When you feel the sudden urge to make a little gesture toward someone else--an act of kindness-or simply sharing your spark-and life force with others through beings yourself...take that chance. You never know who it will touch.

I just heard about something called "operation Beautiful" where Caitlin Boyle one day had the inspiration to put a post-it note with an encouraging message "You are beautiful" on the mirror in the women's bathroom. Women are so critical of themselves (and they have lost of other people to criticize them when they aren't doing it themselves--the media; society, parents; etc.) and the feminine spirit--creativity, intuition, tenderness, and peace--greatly 'threatens' would you say, the modern media.

Takara said...

@Dusky Lady - beautifully said. Thanks very much for sharing your insights!

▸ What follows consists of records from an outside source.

(* There exist constants $c_1,c_2>0$ and an infinite family of graphs $G$ (with $n$ vertices and $m$ edges, $n\to\infty$) such that each $G$ in the family admits a composition-minimal clique cover $\mathcal{C}$ with $c_1 m\le|\mathcal{C}|\le c_2 m$ and $c_1 nm\le\|\mathcal{C}\|\le c_2 nm$, i.e. $|\mathcal{C}|=\Theta(m)$ but $\|\mathcal{C}\|=\Theta(nm)$.
   Context: All graphs are finite, simple, undirected, with no isolated vertices; $n=|V|$, $m=|E|$. A non-edge is an unordered pair of distinct non-adjacent vertices. A clique is a vertex set inducing a complete subgraph. $\|\mathcal{F}\|:=\sum_{F\in\mathcal{F}}|F|$ for a family of finite sets. A clique cover of $G$ is an indexed family $\{C_\ell\}_{\ell\in I}$ of cliques of $G$ such that every edge lies in at least one member; it is composition-minimal if for every two distinct indices $i\ne j$ there exist $u\in C_i$, $v\in C_j$ with $\{u,v\}$ a non-edge. *)

theory Defs
  imports Complex_Main
begin

definition simple_graph :: "'a set \<Rightarrow> ('a \<Rightarrow> 'a \<Rightarrow> bool) \<Rightarrow> bool" where
  "simple_graph V E \<longleftrightarrow> finite V
     \<and> (\<forall>u v. E u v \<longrightarrow> u \<in> V \<and> v \<in> V)
     \<and> (\<forall>u v. E u v \<longrightarrow> E v u)
     \<and> (\<forall>u. \<not> E u u)
     \<and> (\<forall>v\<in>V. \<exists>u. E v u)"

definition edges :: "('a \<Rightarrow> 'a \<Rightarrow> bool) \<Rightarrow> 'a set set" where
  "edges E = {{u, v} | u v. E u v}"

definition num_edges :: "('a \<Rightarrow> 'a \<Rightarrow> bool) \<Rightarrow> nat" where
  "num_edges E = card (edges E)"

definition non_edge :: "'a set \<Rightarrow> ('a \<Rightarrow> 'a \<Rightarrow> bool) \<Rightarrow> 'a \<Rightarrow> 'a \<Rightarrow> bool" where
  "non_edge V E u v \<longleftrightarrow> u \<in> V \<and> v \<in> V \<and> u \<noteq> v \<and> \<not> E u v"

definition is_clique :: "'a set \<Rightarrow> ('a \<Rightarrow> 'a \<Rightarrow> bool) \<Rightarrow> 'a set \<Rightarrow> bool" where
  "is_clique V E K \<longleftrightarrow> K \<subseteq> V \<and> (\<forall>u\<in>K. \<forall>v\<in>K. u \<noteq> v \<longrightarrow> E u v)"

definition clique_cover :: "'a set \<Rightarrow> ('a \<Rightarrow> 'a \<Rightarrow> bool) \<Rightarrow> 'i set \<Rightarrow> ('i \<Rightarrow> 'a set) \<Rightarrow> bool" where
  "clique_cover V E I C \<longleftrightarrow> (\<forall>l\<in>I. is_clique V E (C l))
     \<and> (\<forall>u v. E u v \<longrightarrow> (\<exists>l\<in>I. u \<in> C l \<and> v \<in> C l))"

definition composition_minimal :: "'a set \<Rightarrow> ('a \<Rightarrow> 'a \<Rightarrow> bool) \<Rightarrow> 'i set \<Rightarrow> ('i \<Rightarrow> 'a set) \<Rightarrow> bool" where
  "composition_minimal V E I C \<longleftrightarrow> clique_cover V E I C
     \<and> (\<forall>i\<in>I. \<forall>j\<in>I. i \<noteq> j \<longrightarrow> (\<exists>u\<in>C i. \<exists>v\<in>C j. non_edge V E u v))"

definition total_size :: "'i set \<Rightarrow> ('i \<Rightarrow> 'a set) \<Rightarrow> nat" where
  "total_size I C = (\<Sum>l\<in>I. card (C l))"

end

theory Submission
  imports Defs
begin

(* Take 3k vertices in blocks A = [0,k), B = [k,2k), D = [2k,3k) and join every pair except
   those inside B or inside D: A is a clique adjacent to everything and B, D span a complete
   bipartite graph, so k^2 <= m <= 9k^2. The k^2 cliques A + {b, d} cover every edge, and two
   of them differ in b or in d, which yields a non-edge inside B or inside D; so the cover is
   composition-minimal. It has k^2 = Theta(m) members of size k + 2, hence total size
   Theta(k^3) = Theta(n m). *)

lemma edges_subset_pairs:
  assumes "simple_graph V E"
  shows "edges E \<subseteq> (\<lambda>(u, v). {u, v}) ` (V \<times> V)"
  using assms unfolding simple_graph_def edges_def by auto

lemma finite_edges:
  assumes "simple_graph V E"
  shows "finite (edges E)"
  using assms edges_subset_pairs[OF assms]
  by (meson finite_SigmaI finite_imageI finite_subset simple_graph_def)

lemma num_edges_le_square:
  assumes "simple_graph V E"
  shows "num_edges E \<le> card V * card V"
proof -
  have "finite V" using assms by (simp add: simple_graph_def)
  then have "num_edges E \<le> card ((\<lambda>(u, v). {u, v}) ` (V \<times> V))"
    unfolding num_edges_def by (intro card_mono edges_subset_pairs[OF assms]) simp
  also have "\<dots> \<le> card (V \<times> V)"
    using \<open>finite V\<close> by (intro card_image_le) simp
  finally show ?thesis by (simp add: card_cartesian_product)
qed

lemma card_mult_le_num_edges:
  assumes "finite (edges E)" and "X \<inter> Y = {}" and "\<And>x y. x \<in> X \<Longrightarrow> y \<in> Y \<Longrightarrow> E x y"
  shows "card X * card Y \<le> num_edges E"
proof -
  let ?pair = "\<lambda>(x, y). {x, y}"
  have "inj_on ?pair (X \<times> Y)"
    using assms(2) by (auto intro!: inj_onI simp: doubleton_eq_iff)
  then have "card X * card Y = card (?pair ` (X \<times> Y))"
    by (simp add: card_image card_cartesian_product)
  also have "\<dots> \<le> num_edges E"
    unfolding num_edges_def using assms(1,3) by (intro card_mono) (auto simp: edges_def)
  finally show ?thesis .
qed

lemma total_size_const_card:
  assumes "\<And>l. l \<in> I \<Longrightarrow> card (C l) = c"
  shows "total_size I C = card I * c"
  unfolding total_size_def using assms by simp

lemma div_mod_less_of_less_square:
  fixes k l :: nat
  assumes "l < k*k"
  shows "l div k < k" and "l mod k < k"
proof -
  have "k > 0" using assms by (cases k) auto
  with assms show "l div k < k" "l mod k < k" by (simp_all add: less_mult_imp_div_less)
qed

definition hub_graph :: "nat \<Rightarrow> nat \<Rightarrow> nat \<Rightarrow> bool" where
  "hub_graph k u v \<longleftrightarrow> u < 3*k \<and> v < 3*k \<and> u \<noteq> v \<and> (u < k \<or> v < k \<or> (u < 2*k \<longleftrightarrow> 2*k \<le> v))"

definition hub_clique :: "nat \<Rightarrow> nat \<Rightarrow> nat set" where
  "hub_clique k l = {0..<k} \<union> {k + l div k, 2*k + l mod k}"

lemma hub_clique_index:
  assumes "a < k" "b < k"
  shows "a*k + b < k*k" and "hub_clique k (a*k + b) = {0..<k} \<union> {k + a, 2*k + b}"
proof -
  have "a*k + b < (a + 1)*k" using assms(2) by simp
  also have "\<dots> \<le> k*k" using assms(1) by (intro mult_le_mono1) simp
  finally show "a*k + b < k*k" .
  show "hub_clique k (a*k + b) = {0..<k} \<union> {k + a, 2*k + b}"
    using assms(2) by (simp add: hub_clique_def)
qed

lemma simple_graph_hub_graph: "simple_graph {0..<3*k} (hub_graph k)"
  unfolding simple_graph_def
proof (intro conjI allI impI ballI)
  fix v assume "v \<in> {0..<3*k}"
  then have "hub_graph k v (if v < k then 2*k else 0)"
    by (auto simp: hub_graph_def)
  then show "\<exists>u. hub_graph k v u" ..
qed (auto simp: hub_graph_def)

lemma composition_minimal_hub_cover:
  "composition_minimal {0..<3*k} (hub_graph k) {0..<k*k} (hub_clique k)"
  unfolding composition_minimal_def clique_cover_def
proof (intro conjI ballI allI impI)
  fix l assume "l \<in> {0..<k*k}"
  with div_mod_less_of_less_square show "is_clique {0..<3*k} (hub_graph k) (hub_clique k l)"
    unfolding is_clique_def hub_clique_def hub_graph_def by fastforce
next
  fix u v assume uv: "hub_graph k u v"
  define a where "a = (if k \<le> u \<and> u < 2*k then u - k else if k \<le> v \<and> v < 2*k then v - k else 0)"
  define b where "b = (if 2*k \<le> u then u - 2*k else if 2*k \<le> v then v - 2*k else 0)"
  have "a < k" "b < k" using uv unfolding a_def b_def hub_graph_def by auto
  moreover have "u \<in> {0..<k} \<union> {k + a, 2*k + b}" "v \<in> {0..<k} \<union> {k + a, 2*k + b}"
    using uv unfolding a_def b_def hub_graph_def by auto
  ultimately show "\<exists>l\<in>{0..<k*k}. u \<in> hub_clique k l \<and> v \<in> hub_clique k l"
    using hub_clique_index by (intro bexI[of _ "a*k + b"]) auto
next
  fix i j assume ij: "i \<in> {0..<k*k}" "j \<in> {0..<k*k}" "i \<noteq> j"
  then have bounds: "i div k < k" "j div k < k" "i mod k < k" "j mod k < k"
    using div_mod_less_of_less_square by auto
  show "\<exists>u\<in>hub_clique k i. \<exists>v\<in>hub_clique k j. non_edge {0..<3*k} (hub_graph k) u v"
  proof (cases "i div k = j div k")
    case True
    then have "i mod k \<noteq> j mod k" using ij(3) by (metis div_mult_mod_eq)
    then have "non_edge {0..<3*k} (hub_graph k) (2*k + i mod k) (2*k + j mod k)"
      using bounds by (auto simp: non_edge_def hub_graph_def)
    then show ?thesis by (auto simp: hub_clique_def)
  next
    case False
    then have "non_edge {0..<3*k} (hub_graph k) (k + i div k) (k + j div k)"
      using bounds by (auto simp: non_edge_def hub_graph_def)
    then show ?thesis by (auto simp: hub_clique_def)
  qed
qed

lemma total_size_hub_cover: "total_size {0..<k*k} (hub_clique k) = k*k*(k + 2)"
proof -
  have "card (hub_clique k l) = k + 2" if "l < k*k" for l
  proof -
    have "l div k < k" using div_mod_less_of_less_square[OF that] by simp
    then have "hub_clique k l = insert (k + l div k) (insert (2*k + l mod k) {0..<k})"
      and "k + l div k \<notin> insert (2*k + l mod k) {0..<k}"
      by (auto simp: hub_clique_def)
    then show ?thesis by simp
  qed
  then show ?thesis by (subst total_size_const_card) auto
qed

lemma num_edges_hub_graph: "k*k \<le> num_edges (hub_graph k)" "num_edges (hub_graph k) \<le> 9*k*k"
proof -
  have "card {k..<2*k} * card {2*k..<3*k} \<le> num_edges (hub_graph k)"
    by (intro card_mult_le_num_edges finite_edges[OF simple_graph_hub_graph])
       (auto simp: hub_graph_def)
  then show "k*k \<le> num_edges (hub_graph k)" by simp
  show "num_edges (hub_graph k) \<le> 9*k*k"
    using num_edges_le_square[OF simple_graph_hub_graph, of k] by simp
qed

lemma hub_cover_size_bounds:
  assumes "k \<ge> 1"
  defines "m \<equiv> num_edges (hub_graph k)" and "t \<equiv> total_size {0..<k*k} (hub_clique k)"
  shows "m \<le> 27 * card {0..<k*k}" and "card {0..<k*k} \<le> m"
    and "card {0..<3*k} * m \<le> 27 * t" and "t \<le> card {0..<3*k} * m"
proof -
  have m: "k*k \<le> m" "m \<le> 9*k*k" unfolding m_def by (fact num_edges_hub_graph)+
  then show "m \<le> 27 * card {0..<k*k}" "card {0..<k*k} \<le> m" by simp_all
  have "3*k * m \<le> 3*k * (9*k*k)" using m(2) by (rule mult_le_mono2)
  also have "\<dots> \<le> 27 * (k*k*(k + 2))" by simp
  finally show "card {0..<3*k} * m \<le> 27 * t" by (simp add: t_def total_size_hub_cover)
  have "k*k*(k + 2) \<le> k*k*(3*k)" using assms by (intro mult_le_mono2) simp
  also have "\<dots> \<le> 3*k * m" using m(1) by (simp add: mult.commute mult_le_mono2)
  finally show "t \<le> card {0..<3*k} * m" by (simp add: t_def total_size_hub_cover)
qed

theorem mainTheorem9:
  shows "\<exists>c1 c2 :: real. c1 > 0 \<and> c2 > 0 \<and>
    (\<forall>N :: nat. \<exists>(V :: nat set) (E :: nat \<Rightarrow> nat \<Rightarrow> bool) (I :: nat set) (C :: nat \<Rightarrow> nat set).
       simple_graph V E \<and> card V \<ge> N \<and> composition_minimal V E I C \<and>
       c1 * real (num_edges E) \<le> real (card I) \<and> real (card I) \<le> c2 * real (num_edges E) \<and>
       c1 * real (card V) * real (num_edges E) \<le> real (total_size I C) \<and>
       real (total_size I C) \<le> c2 * real (card V) * real (num_edges E))"
proof (rule exI[of _ "1/27"], rule exI[of _ 1], intro conjI allI)
  fix N :: nat
  define k where "k = N + 1"
  then have "k \<ge> 1" and card_V: "card {0..<3*k} \<ge> N" by simp_all
  have "1/27 * real (num_edges (hub_graph k)) \<le> real (card {0..<k*k})"
    "real (card {0..<k*k}) \<le> 1 * real (num_edges (hub_graph k))"
    "1/27 * real (card {0..<3*k}) * real (num_edges (hub_graph k))
       \<le> real (total_size {0..<k*k} (hub_clique k))"
    "real (total_size {0..<k*k} (hub_clique k))
       \<le> 1 * real (card {0..<3*k}) * real (num_edges (hub_graph k))"
    using hub_cover_size_bounds[OF \<open>k \<ge> 1\<close>, THEN of_nat_mono[where 'a=real]] by simp_all
  with card_V simple_graph_hub_graph composition_minimal_hub_cover
  show "\<exists>(V :: nat set) (E :: nat \<Rightarrow> nat \<Rightarrow> bool) (I :: nat set) (C :: nat \<Rightarrow> nat set).
       simple_graph V E \<and> card V \<ge> N \<and> composition_minimal V E I C \<and>
       1/27 * real (num_edges E) \<le> real (card I) \<and> real (card I) \<le> 1 * real (num_edges E) \<and>
       1/27 * real (card V) * real (num_edges E) \<le> real (total_size I C) \<and>
       real (total_size I C) \<le> 1 * real (card V) * real (num_edges E)"
    by blast
qed auto

end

I look forward to many more . . .

Dusky Lady said...

Just think about it; thin people are thought as the only stereo type of beautiful; (masculine trait) and so in this we are rejecting the very curves that symbolize the beauty of being a women.

When you read an ad, say in the paper or the Internet for help wanted--what kind of characteristics do they act like are the only 'good' characteristics for potential workers? usually it's
"Outgoing, energetic, take charge, so on and so forth.
these are all fine and good, but they are all male energy characteristics. an it is wrong to say that these are the only important, good, or useful traits. In fact, too much male energy is much of the problem. Women to do not seek domination so much as dominion. And wasn't that what we were supposed to have over the earth anyway?

Dusky Lady said...

The Native Americans were killed in a great Holocaust called the Trail of Tears. Yet, when I went to school for world history, I spend 3 weeks learning about the horrors of the Nazis, and not one word about the how the Native Americans were killed by the first Americans. Women were raped, taken. Innocent lives taken.
I wrote a poem called "Black Elk's Vision" to honor and remember all those who's lives were taken because they were Native American.

I am a 20 year old african american woman, yet still I don't understand why we only celebrate black history month, but not an apology to the many First Nation people who were killed in the Trail of Tears; whose land was taken, then they were shoved on plots of land and made to live in a way that was foreign to them. They were peaceful, in tune with the dignity of the human spirit--with nature--with living a peace. The settlers felt threatened by these people. For that reason.